FEAR & GREED INDEX 19

Weekly Update

The Fear & Greed Index (found on cnn.com) is one of the easiest indicators to use to determine current market emotion. This simple to read gauge, highlighted in our publication When to Buy and When to Sell: Combining Easy Indicators, Charts, and Financial Astrology (available on Amazon), is measured in a range from 0-100, and currently reads 19 as of the close on Thursday, April 2, 2026, as markets are closed on Friday, April 3.  

      This figure remains in the Extreme Fear level this week, though it rose 9 points from last week’s close of 10. This was reflected in the S&P 500, which rose 212 points, from 6,368 to 6,580, as the global conflict and energy prices continue to be the main catalyst.
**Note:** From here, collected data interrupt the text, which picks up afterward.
lemma one_minus_inverse_power_mult_powr_le:
  fixes k :: nat and d :: real
  assumes "1 < k" "0 \<le> d"
  shows "(1 - 1 / real k) ^ k * (real k / (real k - 1)) powr d \<le> exp (-1 + d / (real k - 1))"
proof -
  have "(1 - 1 / real k) ^ k \<le> exp (-1)"
    using exp_ge_one_minus_x_over_n_power_n[of 1 k] assms(1) by simp
  moreover have "(real k / (real k - 1)) powr d \<le> exp (d / (real k - 1))"
  proof -
    have "ln (real k / (real k - 1)) \<le> real k / (real k - 1) - 1"
      using assms(1) by (intro ln_le_minus_one) simp
    also have "\<dots> = 1 / (real k - 1)"
      using assms(1) by (simp add: field_simps)
    finally have "d * ln (real k / (real k - 1)) \<le> d / (real k - 1)"
      using mult_left_mono[OF _ assms(2)] by fastforce
    then show ?thesis
      using assms(1) by (simp add: powr_def)
  qed
  ultimately have "(1 - 1 / real k) ^ k * (real k / (real k - 1)) powr d \<le> exp (-1) * exp (d / (real k - 1))"
    using assms(1) by (intro mult_mono) simp_all
  then show ?thesis
    by (simp only: exp_add)
qed

lemma potential_tail_le:
  fixes k l :: nat and d :: real
  defines "t \<equiv> d / (2 * real k)"
  defines "s \<equiv> real (k - l) / real k * t"
  assumes "l \<le> k" "0 \<le> d" "d \<le> real k"
  shows "(1 + s) ^ l * ((1 + s) / (1 + t)) ^ (k - l) / (1 + s) powr d
    \<le> exp (- (real (k - l) * d\<^sup>2 / (4 * real k ^ 2)))" (is "?X \<le> _")
proof (cases "k = 0")
  case True
  then show ?thesis
    using assms by (simp add: s_def t_def)
next
  case False
  define N where "N = real (k - l)"
  have N: "0 \<le> N" "real k = real l + N"
    using assms(3) by (simp_all add: N_def of_nat_diff)
  have K: "0 < real k"
    using False by simp
  have t: "0 \<le> t" "t \<le> 1"
    using assms(4,5) K by (auto simp: t_def)
  have q: "0 \<le> N / real k" "N / real k \<le> 1"
    using N K by simp_all
  have s: "0 \<le> s" "s \<le> t"
    unfolding s_def N_def[symmetric]
    using mult_nonneg_nonneg[OF q(1) t(1)] mult_left_le_one_le[OF t(1) q] by simp_all
  have "ln ?X = (real k - d) * ln (1 + s) - N * ln (1 + t)"
    using s t by (simp add: ln_div ln_mult ln_realpow N(2) N_def[symmetric] algebra_simps)
  also have "\<dots> \<le> (real k - d) * s - N * (t - t\<^sup>2)"
  proof -
    have "(real k - d) * ln (1 + s) \<le> (real k - d) * s"
      using s assms(5) ln_le_minus_one[of "1 + s"] by (intro mult_left_mono) auto
    moreover have "N * (t - t\<^sup>2) \<le> N * ln (1 + t)"
      using t ln_one_plus_pos_lower_bound[OF t] by (intro mult_left_mono) (simp_all add: N(1))
    ultimately show ?thesis
      by linarith
  qed
  also have "\<dots> = - (N * d\<^sup>2 / (4 * real k ^ 2))"
    using K by (simp add: s_def t_def N_def[symmetric] power2_eq_square field_simps)
  finally have ln_X: "ln ?X \<le> - (real (k - l) * d\<^sup>2 / (4 * real k ^ 2))"
    by (simp add: N_def)
  have "?X = exp (ln ?X)"
    using s t by simp
  also have "\<dots> \<le> exp (- (real (k - l) * d\<^sup>2 / (4 * real k ^ 2)))"
    using ln_X by simp
  finally show ?thesis .
qed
As is the theme of this gauge (and discussed in the past few weeks), the further it drops, the more likely a bounce in equities becomes. Though there is no official time frame to expect for reversal, historically markets rise out of this level within a couple of weeks. A strong bounce occurred on Tuesday and Wednesday this week, on hopes of an end, or significant ease, to the global military conflict, which we noted could easily push stocks higher. The sentiment tempered a bit on Thursday, however, with oil prices again on the rise, as daily announcements continue to fluctuate equity markets.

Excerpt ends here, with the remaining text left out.